The connection between cervical cancer and pregnancy depends on which trimester a pregnant patient was in when the cancer was discovered. If the fetus is less than three months old, many doctors call for immediate treatment which, in all likelihood, will result in a miscarriage. They warn such patients that postponing chemotherapy or radiation for six months or more poses a significant danger as the cancer is more likely to metastasize during that time.
Cervical cancer and pregnancy may not be mutually exclusive. Many doctors believe that second or third trimester pregnancies can continue. In these cases, a cesarean delivery is recommended. Treatment should start immediately after the baby is born.
A second link between cervical cancer and pregnancy is found in women who were diagnosed and treated for cervical cancer before attempting a pregnancy. Most treatment options severely limit or eliminate the possibility of future pregnancies, with one exception. Women diagnosed with stage 0 or 1A may be able to get pregnant and carry the baby to full term.

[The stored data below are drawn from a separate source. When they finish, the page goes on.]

(* Skeptic can weakly force the event \[ E_4:=\Bigl\{\xi:\ \limsup_{n\to\infty}|s_n|<\infty\ \ \text{or}\ \ \bigl(\limsup_{n\to\infty}s_n=\infty\ \text{and}\ \liminf_{n\to\infty}s_n=-\infty\bigr)\Bigr\}. \]
   Context: Fair-coin game: in rounds $n=1,2,\dots$ Skeptic announces $M_n\in\mathbb{R}$ (depending only on $x_1,\dots,x_{n-1}$), then Reality announces $x_n\in\{-1,1\}$. A path is an infinite sequence $\xi=x_1x_2\cdots\in\{-1,1\}^{\mathbb{N}}$, and $\Omega$ is the set of paths. We write $s_n:=x_1+\cdots+x_n$, with $s_0=0$. The capital process of a strategy with zero initial capital is $\mathcal{K}^{\mathcal{P}}_n=\sum_{k=1}^nM_kx_k$. Skeptic weakly forces $E\subseteq\Omega$ if some strategy $\mathcal{P}$ has $\mathcal{K}^{\mathcal{P}}_n(\xi)\ge-1$ for all $\xi\in\Omega$ and $n\ge0$, and $\limsup_n\mathcal{K}^{\mathcal{P}}_n(\xi)=\infty$ for every $\xi\notin E$. *)

theory Defs
  imports "HOL-Analysis.Analysis"
begin

text \<open>A path is a sequence xi with xi k = x_(k+1) in {-1,1} (0-based indexing of rounds).\<close>
definition paths :: "(nat \<Rightarrow> real) set" where
  "paths = {xi. \<forall>k. xi k \<in> {-1, 1}}"

definition psum :: "(nat \<Rightarrow> real) \<Rightarrow> nat \<Rightarrow> real" where
  "psum xi n = (\<Sum>k<n. xi k)"

text \<open>A strategy maps the history (x_1,...,x_(n-1)) to the move M_n.
  Capital with zero initial capital: K_n = sum_(k=1)^n M_k x_k.\<close>
definition capital :: "(real list \<Rightarrow> real) \<Rightarrow> (nat \<Rightarrow> real) \<Rightarrow> nat \<Rightarrow> real" where
  "capital P xi n = (\<Sum>k<n. P (map xi [0..<k]) * xi k)"

definition weakly_forces :: "(nat \<Rightarrow> real) set \<Rightarrow> bool" where
  "weakly_forces E \<longleftrightarrow> (\<exists>P :: real list \<Rightarrow> real.
     (\<forall>xi\<in>paths. \<forall>n. capital P xi n \<ge> -1) \<and>
     (\<forall>xi\<in>paths. xi \<notin> E \<longrightarrow> limsup (\<lambda>n. ereal (capital P xi n)) = \<infinity>))"

definition E4 :: "(nat \<Rightarrow> real) set" where
  "E4 = {xi. limsup (\<lambda>n. ereal \<bar>psum xi n\<bar>) < \<infinity> \<or>
             (limsup (\<lambda>n. ereal (psum xi n)) = \<infinity> \<and> liminf (\<lambda>n. ereal (psum xi n)) = -\<infinity>)}"

end

theory Submission
  imports Defs
begin

text \<open>Let \<open>L\<^sub>n = - min\<^sub>k\<^sub>\<le>\<^sub>n s\<^sub>k\<close> be the deficit of the path. Betting \<open>1 / ((L\<^sub>n + 1) (L\<^sub>n + 2))\<close>
  on \<open>x\<^sub>n = 1\<close> keeps the capital equal to
  \<open>(s\<^sub>n + L\<^sub>n) / ((L\<^sub>n + 1) (L\<^sub>n + 2)) + 1 / (L\<^sub>n + 1) - 1 > -1\<close>: a step to a new minimum costs exactly
  the current stake, and these costs add up to at most \<open>\<Sum>\<^sub>j 1 / ((j + 1) (j + 2)) = 1\<close>. If the path is
  bounded below, \<open>L\<^sub>n\<close> stays bounded, so the capital grows linearly in \<open>s\<^sub>n\<close> and is unbounded as
  soon as \<open>|s\<^sub>n|\<close> is. Outside \<open>E4\<close>, \<open>|s\<^sub>n|\<close> is unbounded and \<open>s\<^sub>n\<close> is bounded below or above;
  averaging this strategy with its mirror image, which plays it against \<open>-\<xi>\<close>, covers both cases.\<close>

lemma limsup_ereal_eq_PInf_iff:
  "limsup (\<lambda>n. ereal (f n)) = \<infinity> \<longleftrightarrow> (\<forall>C. \<exists>\<^sub>F n in sequentially. C \<le> f n)"
proof
  assume lim: "limsup (\<lambda>n. ereal (f n)) = \<infinity>"
  show "\<forall>C. \<exists>\<^sub>F n in sequentially. C \<le> f n"
  proof
    fix C
    have "\<not> (\<forall>\<^sub>F n in sequentially. f n < C)"
    proof
      assume "\<forall>\<^sub>F n in sequentially. f n < C"
      then have "\<forall>\<^sub>F n in sequentially. ereal (f n) \<le> ereal C"
        by (rule eventually_mono) simp
      from Limsup_bounded[OF this] lim show False by simp
    qed
    then show "\<exists>\<^sub>F n in sequentially. C \<le> f n"
      by (simp add: not_eventually not_less)
  qed
next
  assume freq: "\<forall>C. \<exists>\<^sub>F n in sequentially. C \<le> f n"
  show "limsup (\<lambda>n. ereal (f n)) = \<infinity>"
  proof (rule ccontr)
    assume "limsup (\<lambda>n. ereal (f n)) \<noteq> \<infinity>"
    then obtain r :: nat where "limsup (\<lambda>n. ereal (f n)) < ereal r"
      using less_PInf_Ex_of_nat by blast
    then have "\<forall>\<^sub>F n in sequentially. f n < r"
      by (auto dest: Limsup_lessD)
    with freq show False
      by (metis (mono_tags) eventually_mono frequently_def not_le)
  qed
qed

lemma liminf_ereal_neq_MInf_imp_bdd_below:
  assumes "liminf (\<lambda>n. ereal (f n)) \<noteq> -\<infinity>"
  shows "bdd_below (range f)"
proof -
  obtain r where "ereal r < liminf (\<lambda>n. ereal (f n))"
    using assms ereal_dense2[of "-\<infinity>"] by auto
  then have "\<forall>\<^sub>F n in sequentially. r < f n"
    by (auto dest: less_LiminfD)
  then obtain N where N: "\<And>n. n \<ge> N \<Longrightarrow> r < f n"
    unfolding eventually_sequentially by blast
  have "range f \<subseteq> f ` {..<N} \<union> f ` {N..}"
  proof
    fix y assume "y \<in> range f"
    then obtain n where "y = f n" by blast
    then show "y \<in> f ` {..<N} \<union> f ` {N..}" by (cases "n < N") auto
  qed
  moreover have "bdd_below (f ` {N..})"
    using N by (intro bdd_belowI[of _ r]) (auto intro: less_imp_le)
  ultimately show ?thesis
    by (meson bdd_below_Un bdd_below_finite bdd_below_mono finite_imageI finite_lessThan)
qed

lemma psum_0 [simp]: "psum xi 0 = 0"
  by (simp add: psum_def)

lemma psum_Suc: "psum xi (Suc n) = psum xi n + xi n"
  by (simp add: psum_def)

lemma psum_cong: "(\<And>k. k < n \<Longrightarrow> f k = g k) \<Longrightarrow> psum f n = psum g n"
  unfolding psum_def by (rule sum.cong) auto

lemma psum_uminus: "psum (\<lambda>k. - xi k) n = - psum xi n"
  by (simp add: psum_def sum_negf)

lemma paths_uminus: "xi \<in> paths \<Longrightarrow> (\<lambda>k. - xi k) \<in> paths"
  by (auto simp: paths_def)

lemma psum_Ints:
  assumes "xi \<in> paths"
  shows "psum xi n \<in> \<int>"
proof -
  from assms have "xi k = -1 \<or> xi k = 1" for k
    by (simp add: paths_def)
  then have "xi k \<in> \<int>" for k
    by (metis Ints_1 Ints_minus)
  then show ?thesis
    unfolding psum_def by (intro Ints_sum)
qed

definition deficit :: "(nat \<Rightarrow> real) \<Rightarrow> nat \<Rightarrow> real" where
  "deficit xi n = Max ((\<lambda>k. - psum xi k) ` {..n})"

lemma deficit_0 [simp]: "deficit xi 0 = 0"
  by (simp add: deficit_def)

lemma deficit_Suc: "deficit xi (Suc n) = max (- psum xi (Suc n)) (deficit xi n)"
  by (simp add: deficit_def atMost_Suc)

lemma deficit_nonneg: "0 \<le> deficit xi n"
  unfolding deficit_def by (rule Max_ge_iff[THEN iffD2]) (auto intro: bexI[of _ 0])

lemma psum_add_deficit_nonneg: "0 \<le> psum xi n + deficit xi n"
proof -
  have "- psum xi n \<le> deficit xi n"
    unfolding deficit_def by (rule Max_ge) auto
  then show ?thesis by simp
qed

lemma deficit_le: "(\<And>k. b \<le> psum xi k) \<Longrightarrow> deficit xi n \<le> - b"
  unfolding deficit_def by (subst Max_le_iff) fastforce+

lemma deficit_cong: "(\<And>k. k < n \<Longrightarrow> f k = g k) \<Longrightarrow> deficit f n = deficit g n"
  unfolding deficit_def
  by (intro arg_cong[where f = Max] image_cong refl arg_cong[where f = uminus] psum_cong) auto

lemma deficit_Ints: "xi \<in> paths \<Longrightarrow> deficit xi n \<in> \<int>"
  by (induction n) (simp_all add: deficit_Suc max_def psum_Ints)

lemma deficit_Suc_path:
  assumes "xi \<in> paths"
  shows "deficit xi (Suc n) =
    (if psum xi n + deficit xi n = 0 \<and> xi n = -1 then deficit xi n + 1 else deficit xi n)"
proof -
  have x: "xi n = -1 \<or> xi n = 1" using assms by (auto simp: paths_def)
  obtain z where z: "psum xi n + deficit xi n = of_int z"
    using assms psum_Ints deficit_Ints Ints_add by (metis Ints_cases)
  moreover have "0 \<le> z" using psum_add_deficit_nonneg[of xi n] z by simp
  ultimately have "psum xi n + deficit xi n = 0 \<or> 1 \<le> psum xi n + deficit xi n"
    by (cases "z = 0") simp_all
  with x show ?thesis by (auto simp: deficit_Suc psum_Suc)
qed

definition stake :: "real \<Rightarrow> real" where
  "stake L = 1 / ((L + 1) * (L + 2))"

lemma stake_pos: "0 \<le> L \<Longrightarrow> 0 < stake L"
  by (simp add: stake_def)

lemma stake_antimono: "0 \<le> L \<Longrightarrow> L \<le> B \<Longrightarrow> stake B \<le> stake L"
  unfolding stake_def by (intro divide_left_mono mult_mono mult_pos_pos) auto

lemma stake_telescoping: "0 \<le> L \<Longrightarrow> stake L = 1 / (L + 1) - 1 / (L + 2)"
  by (simp add: stake_def divide_simps)

text \<open>Since \<open>stake\<close> telescopes, \<open>1 / (L + 1)\<close> is the sum of all stakes still to be lost at
  future new minima \<open>- L - 1, - L - 2, \<dots>\<close>\<close>
definition potential :: "real \<Rightarrow> real \<Rightarrow> real" where
  "potential s L = (s + L) * stake L + 1 / (L + 1) - 1"

lemma potential_add_stake: "potential s L + stake L * x = potential (s + x) L"
  by (simp add: potential_def algebra_simps)

lemma potential_new_minimum: "0 \<le> L \<Longrightarrow> potential (- L) L - stake L = potential (- L - 1) (L + 1)"
  by (simp add: potential_def stake_telescoping add.commute)

lemma potential_gt: "0 \<le> L \<Longrightarrow> 0 \<le> s + L \<Longrightarrow> -1 < potential s L"
  unfolding potential_def using stake_pos[of L] by (simp add: add_nonneg_pos)

lemma potential_ge_linear:
  assumes "0 \<le> L" "L \<le> B" "0 \<le> s"
  shows "s * stake B - 1 \<le> potential s L"
proof -
  have "s * stake B \<le> s * stake L" using assms by (intro mult_left_mono stake_antimono)
  also have "\<dots> \<le> (s + L) * stake L" using assms stake_pos[of L] by (intro mult_right_mono) auto
  finally have "s * stake B \<le> (s + L) * stake L" .
  moreover have "0 \<le> 1 / (L + 1)" using assms by simp
  ultimately show ?thesis unfolding potential_def by linarith
qed

lemma capital_Suc: "capital P xi (Suc n) = capital P xi n + P (map xi [0..<n]) * xi n"
  by (simp add: capital_def)

lemma capital_antisymmetrize:
  "capital (\<lambda>h. (P h - P (map uminus h)) / 2) xi n = (capital P xi n + capital P (\<lambda>k. - xi k) n) / 2"
  unfolding capital_def sum.distrib[symmetric] sum_divide_distrib
  by (rule sum.cong) (simp_all add: comp_def algebra_simps)

definition deficit_strategy :: "real list \<Rightarrow> real" where
  "deficit_strategy h = stake (deficit ((!) h) (length h))"

lemma capital_deficit_strategy:
  assumes "xi \<in> paths"
  shows "capital deficit_strategy xi n = potential (psum xi n) (deficit xi n)"
proof (induction n)
  case 0
  show ?case by (simp add: capital_def potential_def stake_def)
next
  case (Suc n)
  have "deficit ((!) (map xi [0..<n])) n = deficit xi n"
    by (rule deficit_cong) simp
  then have "deficit_strategy (map xi [0..<n]) = stake (deficit xi n)"
    by (simp add: deficit_strategy_def)
  then have "capital deficit_strategy xi (Suc n) =
      potential (psum xi n) (deficit xi n) + stake (deficit xi n) * xi n"
    by (simp add: capital_Suc Suc.IH)
  also have "\<dots> = potential (psum xi (Suc n)) (deficit xi (Suc n))"
  proof (cases "psum xi n + deficit xi n = 0 \<and> xi n = -1")
    case True
    then have "psum xi n = - deficit xi n" by linarith
    with True show ?thesis
      using potential_new_minimum[OF deficit_nonneg, of xi n]
      by (simp add: deficit_Suc_path[OF assms] psum_Suc)
  next
    case False
    then have "deficit xi (Suc n) = deficit xi n"
      by (simp add: deficit_Suc_path[OF assms])
    then show ?thesis by (simp add: psum_Suc potential_add_stake)
  qed
  finally show ?case .
qed

definition two_sided_strategy :: "real list \<Rightarrow> real" where
  "two_sided_strategy h = (deficit_strategy h - deficit_strategy (map uminus h)) / 2"

lemma capital_two_sided_strategy:
  "capital two_sided_strategy xi n =
    (capital deficit_strategy xi n + capital deficit_strategy (\<lambda>k. - xi k) n) / 2"
  unfolding two_sided_strategy_def[abs_def] by (rule capital_antisymmetrize)

lemma capital_two_sided_strategy_uminus:
  "capital two_sided_strategy (\<lambda>k. - xi k) n = capital two_sided_strategy xi n"
  by (simp add: capital_two_sided_strategy)

lemma capital_deficit_strategy_gt: "xi \<in> paths \<Longrightarrow> -1 < capital deficit_strategy xi n"
  by (simp add: capital_deficit_strategy potential_gt deficit_nonneg psum_add_deficit_nonneg)

lemma capital_two_sided_strategy_gt: "xi \<in> paths \<Longrightarrow> -1 < capital two_sided_strategy xi n"
  using capital_deficit_strategy_gt[of xi n] capital_deficit_strategy_gt[of "\<lambda>k. - xi k" n]
  by (simp add: capital_two_sided_strategy paths_uminus)

lemma limsup_capital_two_sided_strategy:
  assumes xi: "xi \<in> paths"
    and below: "liminf (\<lambda>n. ereal (psum xi n)) \<noteq> -\<infinity>"
    and unbounded: "limsup (\<lambda>n. ereal \<bar>psum xi n\<bar>) = \<infinity>"
  shows "limsup (\<lambda>n. ereal (capital two_sided_strategy xi n)) = \<infinity>"
proof -
  obtain b where b: "\<And>k. b \<le> psum xi k"
    using liminf_ereal_neq_MInf_imp_bdd_below[OF below] by (auto simp: bdd_below_def)
  define B where "B = - b"
  have "0 \<le> B" using b[of 0] by (simp add: B_def)
  have large: "M \<le> capital two_sided_strategy xi n"
    if n: "max (B + 1) ((2 * M + 2) / stake B) \<le> \<bar>psum xi n\<bar>" for M n
  proof -
    have "0 \<le> psum xi n" using n b[of n] by (auto simp: B_def abs_if split: if_split_asm)
    with n have "(2 * M + 2) / stake B \<le> psum xi n" by simp
    then have "2 * M + 2 \<le> psum xi n * stake B"
      using stake_pos[OF \<open>0 \<le> B\<close>] by (simp add: pos_divide_le_eq)
    moreover have "psum xi n * stake B - 1 \<le> capital deficit_strategy xi n"
      using potential_ge_linear[OF deficit_nonneg deficit_le[OF b] \<open>0 \<le> psum xi n\<close>]
      by (simp add: capital_deficit_strategy[OF xi] B_def)
    moreover have "-1 < capital deficit_strategy (\<lambda>k. - xi k) n"
      using capital_deficit_strategy_gt[OF paths_uminus[OF xi]] .
    ultimately show ?thesis by (simp add: capital_two_sided_strategy)
  qed
  show ?thesis
    unfolding limsup_ereal_eq_PInf_iff
  proof
    fix M
    show "\<exists>\<^sub>F n in sequentially. M \<le> capital two_sided_strategy xi n"
      using unbounded[unfolded limsup_ereal_eq_PInf_iff, rule_format]
      by (rule frequently_elim1) (rule large)
  qed
qed

theorem corollary2:
  shows "weakly_forces E4"
  unfolding weakly_forces_def
proof (intro exI[of _ two_sided_strategy] conjI ballI allI impI)
  fix xi n
  assume "xi \<in> paths"
  then show "-1 \<le> capital two_sided_strategy xi n"
    using capital_two_sided_strategy_gt less_imp_le by blast
next
  fix xi
  assume xi: "xi \<in> paths" and "xi \<notin> E4"
  then have unbounded: "limsup (\<lambda>n. ereal \<bar>psum xi n\<bar>) = \<infinity>"
    and one_sided: "liminf (\<lambda>n. ereal (psum xi n)) \<noteq> -\<infinity> \<or> limsup (\<lambda>n. ereal (psum xi n)) \<noteq> \<infinity>"
    by (auto simp: E4_def)
  from one_sided show "limsup (\<lambda>n. ereal (capital two_sided_strategy xi n)) = \<infinity>"
  proof
    assume "liminf (\<lambda>n. ereal (psum xi n)) \<noteq> -\<infinity>"
    then show ?thesis using limsup_capital_two_sided_strategy[OF xi _ unbounded] by blast
  next
    assume "limsup (\<lambda>n. ereal (psum xi n)) \<noteq> \<infinity>"
    then have "liminf (\<lambda>n. ereal (psum (\<lambda>k. - xi k) n)) \<noteq> -\<infinity>"
      using ereal_Liminf_uminus[of sequentially "\<lambda>n. ereal (psum xi n)"] by (simp add: psum_uminus)
    moreover have "limsup (\<lambda>n. ereal \<bar>psum (\<lambda>k. - xi k) n\<bar>) = \<infinity>"
      using unbounded by (simp add: psum_uminus)
    ultimately show ?thesis
      using limsup_capital_two_sided_strategy[OF paths_uminus[OF xi]]
      by (simp add: capital_two_sided_strategy_uminus)
  qed
qed

end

If the patient has had a radical trachelectomy, her cervix and uterus have been treated but not completely removed. Malignant cells are scraped off during this procedure, but only the lower cervical section is extracted. Pregnancy can then occur after treatment, but the chance of miscarriage is significantly higher, and a cesarean delivery is required.
Most women who have been treated for cervical cancer will not have the option of pregnancy afterwards. In many cases, the uterus has been removed to prevent the cancer from spreading to other organs. In other cases, the radiation used as part of the treatment will have caused significant damage to the ovaries and the eggs will most likely no longer be viable.